Left atrial volume index (LAVi) was estimated with the disc summation algorithm (Simpson's technique) in a biplane approach from the apical four‐chamber and two‐chamber view. The grading of mitral regurgitation (MR) was assessed by measuring the vena contracta, with proximal isovelocity surface area method when assessable, dominant E wave in the mitral inflow (>1.5 m/s), systolic flow reversal in the pulmonary veins, and jet swirling used as supportive indices of severe MR. LV filling pressure was evaluated according to current recommendations using a comprehensive approach, which included the estimation of TRV, LAVi, isovolumic relaxation time, and different E/e′ ratio thresholds in special conditions, such as severe MR and AF. ,

To maximize image quality and decrease the likelihood of discarding patients for poor acoustic windows, we also employed off‐axis approaches, such as the RV inflow tract for TR, subcostal view for PR, and left lateral approach for IVC dimension and variations.

Statistical methods

Data were analysed with SPSS version 23.0 (IBM Corp., Armonk, NY). Continuous measures were expressed as mean ± standard deviation or median and inter‐quartile range and compared by using Student's t‐test or Mann–Whitney U test, as appropriate. Categorical variables were presented as numbers and percentages and compared by using the χ 2 test. The correlation coefficient R (or Spearman's rho) was assessed when necessary. The ANOVA or Kruskal–Wallis test was used to analyse the differential distribution of data among >2 groups, with subsequent post hoc corrections for multiple comparisons (i.e. Tukey–Kramer or Conover test, respectively).

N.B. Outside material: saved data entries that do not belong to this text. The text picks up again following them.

text \<open>A state is a dart together with the current local orientation;
one step traverses the edge of the dart (flipping orientation if the edge is
twisted) and then turns by the rotation (or its inverse) at the far end. Every
face boundary walk is traced exactly twice (once in each direction).\<close>

definition fstep :: "('e \<times> bool \<Rightarrow> 'e \<times> bool) \<times> ('e \<Rightarrow> bool) \<Rightarrow>
    ('e \<times> bool) \<times> bool \<Rightarrow> ('e \<times> bool) \<times> bool" where
  "fstep r st = (let d = fst st; s' = (snd st \<noteq> snd r (fst d)); d' = opp d
                 in (if s' then fst r d' else inv (fst r) d', s'))"

definition face_orbits :: "('v,'e) mgraph \<Rightarrow> ('e \<times> bool \<Rightarrow> 'e \<times> bool) \<times> ('e \<Rightarrow> bool)
    \<Rightarrow> (('e \<times> bool) \<times> bool) set set" where
  "face_orbits G r = (\<lambda>x. {(fstep r ^^ k) x | k. True}) ` (darts G \<times> UNIV)"

definition nfaces :: "('v,'e) mgraph \<Rightarrow> ('e \<times> bool \<Rightarrow> 'e \<times> bool) \<times> ('e \<Rightarrow> bool) \<Rightarrow> nat" where
  "nfaces G r = (if edges G = {} then 1 else card (face_orbits G r) div 2)"

definition euler_genus :: "('v,'e) mgraph \<Rightarrow> ('e \<times> bool \<Rightarrow> 'e \<times> bool) \<times> ('e \<Rightarrow> bool) \<Rightarrow> nat" where
  "euler_genus G r = nat (2 - int (card (verts G)) + int (card (edges G)) - int (nfaces G r))"

definition embeddings :: "('v,'e) mgraph \<Rightarrow>
    (('e \<times> bool \<Rightarrow> 'e \<times> bool) \<times> ('e \<Rightarrow> bool)) set set" where
  "embeddings G = {{y \<in> grs G. grs_equiv G x y} | x. x \<in> grs G}"

definition orientable_emb :: "(('e \<times> bool \<Rightarrow> 'e \<times> bool) \<times> ('e \<Rightarrow> bool)) set \<Rightarrow> bool" where
  "orientable_emb C \<longleftrightarrow> (\<exists>r\<in>C. \<forall>e. \<not> snd r e)"

definition emb_egenus :: "('v,'e) mgraph \<Rightarrow> (('e \<times> bool \<Rightarrow> 'e \<times> bool) \<times> ('e \<Rightarrow> bool)) set \<Rightarrow> nat \<Rightarrow> bool" where
  "emb_egenus G C i \<longleftrightarrow> (\<exists>r\<in>C. euler_genus G r = i)"

text \<open>\<open>eps G i\<close> = \<open>\<epsilon>_i(G)\<close>, \<open>gam G k\<close> = \<open>\<gamma>_k(G)\<close>, \<open>cgam G j\<close> = \<open>\<tilde>\<gamma>_j(G)\<close>.\<close>

definition eps :: "('v,'e) mgraph \<Rightarrow> nat \<Rightarrow> nat" where
  "eps G i = card {C \<in> embeddings G. emb_egenus G C i}"

definition gam :: "('v,'e) mgraph \<Rightarrow> nat \<Rightarrow> nat" where
  "gam G k = card {C \<in> embeddings G. orientable_emb C \<and> emb_egenus G C (2 * k)}"

definition cgam :: "('v,'e) mgraph \<Rightarrow> nat \<Rightarrow> nat" where
  "cgam G j = card {C \<in> embeddings G. \<not> orientable_emb C \<and> emb_egenus G C j}"

text \<open>Values of the polynomials at x = 1, i.e. total numbers of (orientable,
non-orientable, all) embeddings.\<close>

definition Gamma1 :: "('v,'e) mgraph \<Rightarrow> nat" where
  "Gamma1 G = card {C \<in> embeddings G. orientable_emb C}"

definition tGamma1 :: "('v,'e) mgraph \<Rightarrow> nat" where
  "tGamma1 G = card {C \<in> embeddings G. \<not> orientable_emb C}"

definition Eps1 :: "('v,'e) mgraph \<Rightarrow> nat" where
  "Eps1 G = card (embeddings G)"

text \<open>Vertex (i,x) is the copy of x in H_i; the copy u_{i,j} (i \<ge> 2) is
identified with v_{i-1,j} and represented by (i-1, v_j).\<close>

definition lin_vert :: "'v list \<Rightarrow> 'v list \<Rightarrow> nat \<times> 'v \<Rightarrow> nat \<times> 'v" where
  "lin_vert us vs p = (if 1 < fst p \<and> snd p \<in> set us
      then (fst p - 1, vs ! (THE j. j < length us \<and> us ! j = snd p)) else p)"

text \<open>Data: H with vertex lists us = [u_1..u_s], vs = [v_1..v_s]; spiders SL j (root rL j)
attached at u_{1,j+1} for j \<in> L and SR j (root rR j) attached at v_{n,j+1} for j \<in> R
(0-based indices).\<close>

definition hlinear_data :: "('v,'e) mgraph \<Rightarrow> 'v list \<Rightarrow> 'v list \<Rightarrow> nat set \<Rightarrow> nat set \<Rightarrow>
    (nat \<Rightarrow> ('w,'f) mgraph) \<Rightarrow> (nat \<Rightarrow> ('w,'f) mgraph) \<Rightarrow> (nat \<Rightarrow> 'w) \<Rightarrow> (nat \<Rightarrow> 'w) \<Rightarrow> bool" where
  "hlinear_data H us vs L R SL SR rL rR \<longleftrightarrow>
     wf_graph H \<and> connected_graph H \<and>
     0 < length us \<and> length vs = length us \<and> distinct us \<and> distinct vs \<and>
     set us \<inter> set vs = {} \<and> set us \<subseteq> verts H \<and> set vs \<subseteq> verts H \<and>
     L \<subseteq> {..<length us} \<and> R \<subseteq> {..<length us} \<and>
     (\<forall>j\<in>L. wf_graph (SL j) \<and> connected_graph (SL j) \<and> rL j \<in> verts (SL j)) \<and>
     (\<forall>j\<in>R. wf_graph (SR j) \<and> connected_graph (SR j) \<and> rR j \<in> verts (SR j))"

Determination of the echocardiographic model of pulmonary artery wedge pressure and pulmonary vascular resistance prediction

Considering that PAWP should always be inferior to (being a component of) PAPm, we used the PAWP/PAPm ratio as the dependent variable of the model.

Univariate linear regression analysis was first performed to search for echocardiographic and laboratory predictors of the ratio. Variables with a significance probability value (maximized partial likelihood ratio) ≤0.05 were successively entered into a stepwise multivariable linear regression analysis showing unstandardized and standardized regression coefficients to compare the strength of the effect of each independent variable with that of the dependent variable, with variance inflation factor (VIF) used to exclude multicollinearity. The result of the multivariable linear regression analysis was used to obtain the model of prediction of PAWP/PAPm (as shown in Equation ), which was thus completely data driven. From this model, we then calculated the echocardiographic estimate of PAWP and PVR (PAWPecho and PVRecho, as shown in Equations and ).

To test the intra‐observer and inter‐observer variability, three independent observers (V. C., N. R. P., and V. S.) reanalysed the parameters of the model (including CO), from 50 randomly selected patients in the ‘derivation cohort’, and reproducibility was measured with the intraclass correlation coefficient.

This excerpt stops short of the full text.